“Yes! We Have No Bananas!”

It never ceases to amaze me how much can be learned from a single artifact. I recently finished accessioning a beautiful collection of music that originally belonged to Anna Tranberg Coen of Little Falls, Minnesota. Donated by Bette Gerling, the nearly 150-piece collection forms a portion of what once must have been an extensive music library. Published during a period extending from the late nineteenth to the mid-twentieth century, this collection presents a unique perspective on American culture. After selecting one piece of sheet music to research for this issue of the newsletter, YES! We Have No Bananas, I embarked on a trail of discovery that led to places as diverse as immigration history, Greek culture and my own childhood memories.

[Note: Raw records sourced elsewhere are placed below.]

context
  fixes D :: "'b measure" and G :: "'b \<Rightarrow> 'a::euclidean_space \<Rightarrow> 'c \<Rightarrow> 'a"
    and DF :: "'a \<Rightarrow> 'a" and z :: 'c and \<gamma> c \<sigma> :: real
  assumes D: "prob_space D"
    and meas: "(\<lambda>(\<xi>, y). G \<xi> y z) \<in> borel_measurable (D \<Otimes>\<^sub>M borel)"
    and DF_measurable: "DF \<in> borel_measurable borel"
    and step: "\<And>x g. (norm (DF (x - \<gamma> *\<^sub>R g)))\<^sup>2 \<le> (norm (DF x))\<^sup>2 + c * (norm (g - DF x))\<^sup>2"
    and BV: "\<And>y. (\<integral>\<^sup>+\<xi>. ennreal ((norm (G \<xi> y z - DF y))\<^sup>2) \<partial>D) \<le> ennreal (\<sigma>\<^sup>2)"
    and c: "c \<ge> 0"
begin

interpretation D: prob_space D by (rule D)

lemma expected_gradient_norm_one_step:
  "(\<integral>\<^sup>+\<xi>. ennreal ((norm (DF (x - \<gamma> *\<^sub>R G \<xi> x z)))\<^sup>2) \<partial>D)
     \<le> ennreal ((norm (DF x))\<^sup>2) + ennreal (c * \<sigma>\<^sup>2)"
proof -
  have "(\<lambda>\<xi>. G \<xi> x z) \<in> borel_measurable D"
  proof -
    have "(\<lambda>\<xi>. (\<xi>, x)) \<in> measurable D (D \<Otimes>\<^sub>M borel)"
      by (intro measurable_Pair measurable_ident_sets measurable_const) auto
    from measurable_compose[OF this meas] show ?thesis by simp
  qed
  then have "(\<integral>\<^sup>+\<xi>. ennreal ((norm (DF (x - \<gamma> *\<^sub>R G \<xi> x z)))\<^sup>2) \<partial>D)
      \<le> (\<integral>\<^sup>+\<xi>. ennreal ((norm (DF x))\<^sup>2) + ennreal c * ennreal ((norm (G \<xi> x z - DF x))\<^sup>2) \<partial>D)"
    using step c
    by (intro nn_integral_mono)
      (simp add: ennreal_mult[symmetric] ennreal_plus[symmetric] del: ennreal_plus)
  also have "\<dots> = ennreal ((norm (DF x))\<^sup>2)
      + ennreal c * (\<integral>\<^sup>+\<xi>. ennreal ((norm (G \<xi> x z - DF x))\<^sup>2) \<partial>D)"
    using \<open>(\<lambda>\<xi>. G \<xi> x z) \<in> borel_measurable D\<close>
    by (subst nn_integral_add) (auto simp: nn_integral_cmult D.emeasure_space_1)
  also have "\<dots> \<le> ennreal ((norm (DF x))\<^sup>2) + ennreal c * ennreal (\<sigma>\<^sup>2)"
    using BV by (intro add_left_mono mult_left_mono) auto
  finally show ?thesis
    using c by (simp add: ennreal_mult)
qed

lemma expected_gradient_norm_pearl_local:
  "(\<integral>\<^sup>+\<omega>. ennreal ((norm (DF (pearl_local G \<gamma> x0 z \<omega> k)))\<^sup>2) \<partial>(PiM {..<k} (\<lambda>_. D)))
     \<le> ennreal ((norm (DF x0))\<^sup>2 + real k * c * \<sigma>\<^sup>2)"
proof (induction k)
  case 0
  interpret P: prob_space "PiM ({}::nat set) (\<lambda>_. D)"
    by (rule prob_space_PiM) (simp add: D)
  show ?case by (simp add: P.emeasure_space_1)
next
  case (Suc k)
  interpret PS: product_sigma_finite "\<lambda>_. D"
    unfolding product_sigma_finite_def by (simp add: D.sigma_finite_measure_axioms)
  interpret P: prob_space "PiM {..<k} (\<lambda>_. D)"
    by (rule prob_space_PiM) (simp add: D)
  let ?X = "\<lambda>t \<omega>. pearl_local G \<gamma> x0 z \<omega> t"
  let ?N = "\<lambda>x. ennreal ((norm (DF x))\<^sup>2)"
  have N_measurable: "(\<lambda>\<omega>. ?N (?X t \<omega>)) \<in> borel_measurable (PiM {..<k'} (\<lambda>_. D))"
    if "t \<le> k'" for t k'
    using measurable_compose[OF pearl_local_measurable[where G=G and z=z, OF meas that] DF_measurable]
    by measurable
  have "(\<integral>\<^sup>+x. ?N (?X (Suc k) x) \<partial>(PiM {..<Suc k} (\<lambda>_. D)))
      = (\<integral>\<^sup>+x. (\<integral>\<^sup>+\<xi>. ?N (?X (Suc k) (x(k := \<xi>))) \<partial>D) \<partial>(PiM {..<k} (\<lambda>_. D)))"
    using N_measurable[of "Suc k" "Suc k"] unfolding lessThan_Suc
    by (intro PS.product_nn_integral_insert) auto
  also have "\<dots> \<le> (\<integral>\<^sup>+x. ?N (?X k x) + ennreal (c * \<sigma>\<^sup>2) \<partial>(PiM {..<k} (\<lambda>_. D)))"
  proof (rule nn_integral_mono)
    fix x
    have "?X k (x(k := \<xi>)) = ?X k x" for \<xi>
      by (rule pearl_local_cong) auto
    then show "(\<integral>\<^sup>+\<xi>. ?N (?X (Suc k) (x(k := \<xi>))) \<partial>D) \<le> ?N (?X k x) + ennreal (c * \<sigma>\<^sup>2)"
      using expected_gradient_norm_one_step[of "?X k x"] by simp
  qed
  also have "\<dots> = (\<integral>\<^sup>+\<omega>. ?N (?X k \<omega>) \<partial>(PiM {..<k} (\<lambda>_. D))) + ennreal (c * \<sigma>\<^sup>2)"
    using N_measurable[of k k] by (subst nn_integral_add) (auto simp: P.emeasure_space_1)
  also have "\<dots> \<le> ennreal ((norm (DF x0))\<^sup>2 + real k * c * \<sigma>\<^sup>2) + ennreal (c * \<sigma>\<^sup>2)"
    using Suc.IH by (rule add_right_mono)
  also have "\<dots> = ennreal ((norm (DF x0))\<^sup>2 + real (Suc k) * c * \<sigma>\<^sup>2)"
    using c by (subst ennreal_plus[symmetric]) (auto simp: algebra_simps)
  finally show ?case .
qed

end

theorem lemma3:
  fixes D :: "'b measure"
    and f :: "'a::euclidean_space \<Rightarrow> 'c \<Rightarrow> real"
    and gf :: "'a \<Rightarrow> 'c \<Rightarrow> 'a"
    and fxi :: "'b \<Rightarrow> 'a \<Rightarrow> 'c \<Rightarrow> real"
    and G :: "'b \<Rightarrow> 'a \<Rightarrow> 'c \<Rightarrow> 'a"
    and L \<sigma> \<gamma> :: real
    and \<tau> p j :: nat
    and x0 :: 'a and z :: 'c
  assumes D: "prob_space D"
    and grad: "\<forall>y w. ((\<lambda>u. f u w) has_derivative (\<lambda>h. gf y w \<bullet> h)) (at y)"
    and sgrad: "\<forall>\<xi>\<in>space D. \<forall>y w. ((\<lambda>u. fxi \<xi> u w) has_derivative (\<lambda>h. G \<xi> y w \<bullet> h)) (at y)"
    and fexp: "\<forall>y w. integrable D (\<lambda>\<xi>. fxi \<xi> y w) \<and> f y w = (\<integral>\<xi>. fxi \<xi> y w \<partial>D)"
    and unbiased: "\<forall>y w. integrable D (\<lambda>\<xi>. G \<xi> y w) \<and> (\<integral>\<xi>. G \<xi> y w \<partial>D) = gf y w"
    and meas: "\<forall>w. (\<lambda>(\<xi>, y). G \<xi> y w) \<in> borel_measurable (D \<Otimes>\<^sub>M borel)"
    and CVX: "\<forall>w. convex_on UNIV (\<lambda>u. f u w)"
    and SM: "\<forall>w y y'. norm (gf y w - gf y' w) \<le> L * norm (y - y')"
    and BV: "\<forall>y w. (\<integral>\<^sup>+\<xi>. ennreal ((norm (G \<xi> y w - gf y w))\<^sup>2) \<partial>D) \<le> ennreal (\<sigma>\<^sup>2)"
    and tau: "\<tau> \<ge> 1"
    and Lpos: "L > 0"
    and gpos: "\<gamma> > 0"
    and g1: "\<gamma> \<le> 1 / L"
    and g2: "\<tau> \<ge> 2 \<longrightarrow> \<gamma> \<le> 1 / (L * real (\<tau> - 1))"
    and j: "\<tau> * p + 1 \<le> j" "j \<le> \<tau> * (p + 1)"
  shows "(\<integral>\<^sup>+\<omega>. ennreal ((norm (gf (pearl_local G \<gamma> x0 z \<omega> (j - \<tau> * p)) z))\<^sup>2)
            \<partial>(PiM {..<j - \<tau> * p} (\<lambda>_. D)))
         \<le> ennreal ((norm (gf x0 z))\<^sup>2 + 2 * real (j - \<tau> * p) * \<gamma> * L * \<sigma>\<^sup>2)"
proof -
  define k where "k = j - \<tau> * p"
  have lip: "\<And>y y'. norm (gf y z - gf y' z) \<le> L * norm (y - y')"
    using SM by blast
  have "\<gamma> * L \<le> 1"
    using g1 Lpos by (simp add: field_simps)
  with CVX grad lip Lpos gpos
  have step: "\<And>x g. (norm (gf (x - \<gamma> *\<^sub>R g) z))\<^sup>2 \<le> (norm (gf x z))\<^sup>2 + \<gamma> * L * (norm (g - gf x z))\<^sup>2"
    by (intro gradient_norm_after_step_le[where F="\<lambda>u. f u z"]) auto
  have "continuous_on UNIV (\<lambda>y. gf y z)"
    using lip Lpos by (intro lipschitz_on_continuous_on[where L=L]) (auto simp: lipschitz_on_def dist_norm)
  then have "(\<lambda>y. gf y z) \<in> borel_measurable borel"
    by (rule borel_measurable_continuous_onI)
  moreover have "(\<lambda>(\<xi>, y). G \<xi> y z) \<in> borel_measurable (D \<Otimes>\<^sub>M borel)"
    using meas by blast
  moreover have "\<And>y. (\<integral>\<^sup>+\<xi>. ennreal ((norm (G \<xi> y z - gf y z))\<^sup>2) \<partial>D) \<le> ennreal (\<sigma>\<^sup>2)"
    using BV by blast
  ultimately have "(\<integral>\<^sup>+\<omega>. ennreal ((norm (gf (pearl_local G \<gamma> x0 z \<omega> k) z))\<^sup>2) \<partial>(PiM {..<k} (\<lambda>_. D)))
      \<le> ennreal ((norm (gf x0 z))\<^sup>2 + real k * (\<gamma> * L) * \<sigma>\<^sup>2)"
    using gpos Lpos by (intro expected_gradient_norm_pearl_local[OF D _ _ step]) auto
  also have "\<dots> \<le> ennreal ((norm (gf x0 z))\<^sup>2 + 2 * real k * \<gamma> * L * \<sigma>\<^sup>2)"
    using gpos Lpos by (intro ennreal_leI) (simp add: algebra_simps)
  finally show ?thesis unfolding k_def .
qed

Published in 1924 by the Skidmore Music Company of New York, YES! We Have No Bananas reveals much about life in the United States during the early twentieth century. The lyrics to the song describe a fruit store owned and operated by a Greek businessman in New York City (There’s a fruit store on our street It’s run by a Greek). The United States was a popular destination for Greek immigrants during the twentieth century. By World War I, approximately 300,000 persons of Greek descent had emigrated to the United States. The vast majority of these settled in New York, Chicago or one of the other major cities. One of the largest waves of migration occurred after the 1922 expulsion of Greeks from Asia Minor. By the time YES! We Have No Bananas was published, New York had a well-established Greek community of about 35,000.

Though most Greek immigrants came from rural areas, they quickly adapted to their new urban environment. Many found jobs in factories or became the owners and proprietors of various businesses, including restaurants, sweet shops and fruit stands. Some were true American entrepreneurs. Greek immigrants living in Chicago, for example, are credited with inventing the soda fountain and sundae. The fruit seller in this song was apparently a successful businessman as he felt the need to write home for help (Bus’ness got so good with him He wrote home to say “Send me Pete and Nick and Jim, I need help right away”).

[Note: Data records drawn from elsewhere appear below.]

(* A function $f : X \to \mathbb{R}$ is of Baire class 1 if and only if both $f$ and $-f$ are limsup functions.
   Context: Let $A$ be a non-empty countable set and $T$ a pruned tree on $A$ (a set of finite sequences of elements of $A$, closed under initial segments, in which every sequence has a proper extension in $T$). Let $X$ be the set of infinite branches of $T$, with the topology generated by the cylinder sets $O(s) = \{x \in X : s \text{ is an initial segment of } x\}$, $s \in T$. A function $f : X \to \mathbb{R}$ is a limsup function if there exists $u : T \to \mathbb{R}$ with $f(x) = \limsup_{t\to\infty} u(x_0,\dots,x_t)$ for every $x \in X$. Baire class 1 means a pointwise limit of a sequence of continuous functions $X \to \mathbb{R}$. *)

theory Defs
  imports "HOL-Analysis.Analysis" "HOL-Library.Countable_Set" "HOL-Library.Sublist"
begin

definition pruned_tree :: "'a set \<Rightarrow> 'a list set \<Rightarrow> bool" where
  "pruned_tree A T \<longleftrightarrow>
     T \<subseteq> lists A \<and>
     (\<forall>s\<in>T. \<forall>r. prefix r s \<longrightarrow> r \<in> T) \<and>
     (\<forall>s\<in>T. \<exists>t\<in>T. strict_prefix s t)"

definition branches :: "'a list set \<Rightarrow> (nat \<Rightarrow> 'a) set" where
  "branches T = {x. \<forall>n. map x [0..<n] \<in> T}"

definition cyl :: "'a list set \<Rightarrow> 'a list \<Rightarrow> (nat \<Rightarrow> 'a) set" where
  "cyl T s = {x \<in> branches T. map x [0..<length s] = s}"

definition branch_topology :: "'a list set \<Rightarrow> (nat \<Rightarrow> 'a) topology" where
  "branch_topology T = topology_generated_by (cyl T ` T)"

definition limsup_function :: "'a list set \<Rightarrow> ((nat \<Rightarrow> 'a) \<Rightarrow> real) \<Rightarrow> bool" where
  "limsup_function T f \<longleftrightarrow>
     (\<exists>u :: 'a list \<Rightarrow> real. \<forall>x \<in> branches T.
        ereal (f x) = limsup (\<lambda>t. ereal (u (map x [0..<Suc t]))))"

definition baire_class_1 :: "'a list set \<Rightarrow> ((nat \<Rightarrow> 'a) \<Rightarrow> real) \<Rightarrow> bool" where
  "baire_class_1 T f \<longleftrightarrow>
     (\<exists>g :: nat \<Rightarrow> (nat \<Rightarrow> 'a) \<Rightarrow> real.
        (\<forall>n. continuous_map (branch_topology T) euclideanreal (g n)) \<and>
        (\<forall>x \<in> branches T. (\<lambda>n. g n x) \<longlonglongrightarrow> f x))"

end

theory Submission
  imports Defs
begin

text \<open>
  If continuous \<open>g\<^sub>n\<close> converge pointwise to \<open>f\<close>, put \<open>u(s) = g\<^sub>n(y)\<close> for a branch \<open>y\<close> through
  \<open>s\<close>, with \<open>n \<le> |s|\<close> the largest index for which \<open>g\<^sub>n\<close> oscillates by less than \<open>1/(n+1)\<close> on
  the cylinder of \<open>s\<close>. By continuity this index tends to infinity along every branch, so
  \<open>u\<close> even converges to \<open>f\<close> along branches; applying this to \<open>-g\<^sub>n\<close> handles \<open>-f\<close>.

  Conversely, if \<open>f = lim sup u\<close> and \<open>-f = lim sup v\<close> along branches, let \<open>g\<^sub>n(x)\<close> be the value of
  \<open>u\<close> at the first time \<open>t\<close> such that \<open>u(x|t) \<ge> -v(x|j) - 1/(n+1)\<close> for some \<open>j \<in> [n, t]\<close>. This
  is a stopping time, so \<open>g\<^sub>n\<close> is locally constant, and the lim sup of \<open>u\<close> and the lim inf
  of \<open>-v\<close> squeeze \<open>g\<^sub>n(x)\<close> to \<open>f(x)\<close>.
\<close>

section \<open>Cylinders and the topology of branches\<close>

lemma mem_cyl_map_upt:
  "y \<in> cyl T (map x [0..<k]) \<longleftrightarrow> y \<in> branches T \<and> (\<forall>i<k. y i = x i)"
  by (auto simp: cyl_def map_eq_conv)

lemma cyl_map_upt_antimono:
  "k \<le> k' \<Longrightarrow> cyl T (map x [0..<k']) \<subseteq> cyl T (map x [0..<k])"
  by (auto simp: mem_cyl_map_upt)

lemma self_mem_cyl_map_upt: "x \<in> branches T \<Longrightarrow> x \<in> cyl T (map x [0..<k])"
  by (simp add: mem_cyl_map_upt)

lemma topspace_branch_topology: "topspace (branch_topology T) = branches T"
proof -
  have "\<Union> (cyl T ` T) = branches T"
  proof
    show "branches T \<subseteq> \<Union> (cyl T ` T)"
    proof
      fix x assume x: "x \<in> branches T"
      then have "map x [0..<0] \<in> T" by (simp only: branches_def mem_Collect_eq)
      with x show "x \<in> \<Union> (cyl T ` T)" by (intro UN_I[of "[]"]) (auto simp: cyl_def)
    qed
  qed (auto simp: cyl_def)
  then show ?thesis by (simp add: branch_topology_def)
qed

lemma openin_branch_topology:
  "openin (branch_topology T) U \<longleftrightarrow>
     U \<subseteq> branches T \<and> (\<forall>x\<in>U. \<exists>k. cyl T (map x [0..<k]) \<subseteq> U)"
proof
  assume U: "openin (branch_topology T) U"
  have "\<exists>k. cyl T (map x [0..<k]) \<subseteq> V" if "generate_topology_on (cyl T ` T) V" "x \<in> V" for V x
    using that
  proof (induction arbitrary: x)
    case Empty
    then show ?case by simp
  next
    case (Int U V)
    then obtain k k' where "cyl T (map x [0..<k]) \<subseteq> U" "cyl T (map x [0..<k']) \<subseteq> V"
      by blast
    then show ?case
      using cyl_map_upt_antimono[OF max.cobounded1[of k k']]
        cyl_map_upt_antimono[OF max.cobounded2[of k' k]] by blast
  next
    case (UN K)
    then show ?case by blast
  next
    case (Basis S)
    then obtain s where s: "S = cyl T s" by blast
    with Basis have "map x [0..<length s] = s" by (simp add: cyl_def)
    with s show ?case by (intro exI[of _ "length s"]) simp
  qed
  moreover have "generate_topology_on (cyl T ` T) U"
    using U unfolding branch_topology_def by (rule openin_topology_generated_by)
  moreover have "U \<subseteq> branches T"
    using openin_subset[OF U] by (simp add: topspace_branch_topology)
  ultimately show "U \<subseteq> branches T \<and> (\<forall>x\<in>U. \<exists>k. cyl T (map x [0..<k]) \<subseteq> U)"
    by blast
next
  assume U: "U \<subseteq> branches T \<and> (\<forall>x\<in>U. \<exists>k. cyl T (map x [0..<k]) \<subseteq> U)"
  show "openin (branch_topology T) U"
  proof (subst openin_subopen, intro ballI)
    fix x assume "x \<in> U"
    with U obtain k where k: "cyl T (map x [0..<k]) \<subseteq> U" and x: "x \<in> branches T" by blast
    have "map x [0..<k] \<in> T" using x by (simp add: branches_def)
    then have "openin (branch_topology T) (cyl T (map x [0..<k]))"
      unfolding branch_topology_def openin_topology_generated_by_iff
      by (intro generate_topology_on.Basis) blast
    with k x show "\<exists>S. openin (branch_topology T) S \<and> x \<in> S \<and> S \<subseteq> U"
      using self_mem_cyl_map_upt by blast
  qed
qed

lemma continuous_map_branch_topology_iff:
  "continuous_map (branch_topology T) euclideanreal g \<longleftrightarrow>
     (\<forall>x\<in>branches T. \<forall>e>0. \<exists>k. \<forall>y\<in>cyl T (map x [0..<k]). \<bar>g y - g x\<bar> < e)"
    (is "_ \<longleftrightarrow> ?local")
proof
  assume g: "continuous_map (branch_topology T) euclideanreal g"
  show ?local
  proof (intro ballI allI impI)
    fix x e assume x: "x \<in> branches T" and "(e::real) > 0"
    have "openin (branch_topology T) {y \<in> branches T. g y \<in> ball (g x) e}"
      using openin_continuous_map_preimage[OF g, of "ball (g x) e"]
      by (simp add: topspace_branch_topology)
    with x \<open>e > 0\<close> obtain k where "cyl T (map x [0..<k]) \<subseteq> {y \<in> branches T. g y \<in> ball (g x) e}"
      unfolding openin_branch_topology by fastforce
    then show "\<exists>k. \<forall>y\<in>cyl T (map x [0..<k]). \<bar>g y - g x\<bar> < e"
      by (auto simp: dist_real_def abs_minus_commute)
  qed
next
  assume local: ?local
  show "continuous_map (branch_topology T) euclideanreal g"
    unfolding continuous_map_def topspace_branch_topology
  proof (intro conjI allI impI)
    fix U :: "real set" assume "openin euclideanreal U"
    show "openin (branch_topology T) {x \<in> branches T. g x \<in> U}"
      unfolding openin_branch_topology
    proof (intro conjI ballI)
      fix x assume x: "x \<in> {x \<in> branches T. g x \<in> U}"
      with \<open>openin euclideanreal U\<close> obtain e where "e > 0" "ball (g x) e \<subseteq> U"
        by (auto simp: open_contains_ball)
      moreover obtain k where "\<forall>y\<in>cyl T (map x [0..<k]). \<bar>g y - g x\<bar> < e"
        using local x \<open>e > 0\<close> by blast
      ultimately show "\<exists>k. cyl T (map x [0..<k]) \<subseteq> {x \<in> branches T. g x \<in> U}"
        by (intro exI[of _ k]) (auto simp: mem_cyl_map_upt dist_real_def abs_minus_commute)
    qed auto
  qed simp
qed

The lyrics to the song suggest that the fruit seller was an uneducated foreigner (But you should hear him speak…, He just “yes-ses” you to death…). While most Greek immigrants had little formal schooling, they placed a high value on education. Children, for example, were enrolled in Greek language courses at the same time they attended English language schools. Adults actively sought to improve their knowledge of American culture through night classes and by participating in other English language programs. One popular institution, Jane Adams’ Hull House in Chicago, emphasized both Greek and American life. This dual focus helped immigrants adapt to their new environment while maintaining important aspects of their native culture.

The variety of foods named in this song also help to tell the story of life in America during the 1920s. The store sold all kinds of fruits and vegetables, including string beans, onions, cabbages and “Sparrowgrass” (asparagus). Many of the foods were locally grown. The unavailable bananas, however, came mainly from Portugal and Spain.

Beautiful examples of graphic art, many cover designs for sheet music provide another wonderful source of information. The cover to YES! We Have No Bananas shows a store front with a striped awning and a stand displaying a variety of fruits and vegetables. The man standing in front of the store is wearing an eclectic assortment of clothing featuring an unusual grouping of patterns and colors. Unlike his attire, everyday wear in early twentieth century rural Greece was fairly simple. A typical outfit consisted of an embroidered tunic, a white shirt with long sleeves, white woolen stockings or leggings and a fustanello. A fustanello is a knee-length cotton or linen garment that resembles a kilt. Along the Greek coast and on the islands, typical male dress included baggy trousers and a distinctive flat peaked cap.

Though published several decades before I was born, YES! We Have No Bananas seems to have always been part of my musical vocabulary. My brother and I would sometimes go tromping through the house or across the yard singing the first few lines of the chorus (YES! We have no bananas. We have no bananas today). What fun it was to discover that, while we had the words down pat, we definitely took some artistic license with the music!

It is hard to imagine what life would be like without food or music. What, for goodness sake, would our MCHS president, Art Warner, do without his chocolates or his music. We live in a rich and diverse world, a world filled with good music and good food. While life may not always be able to provide us with bananas, the available alternatives are just as great!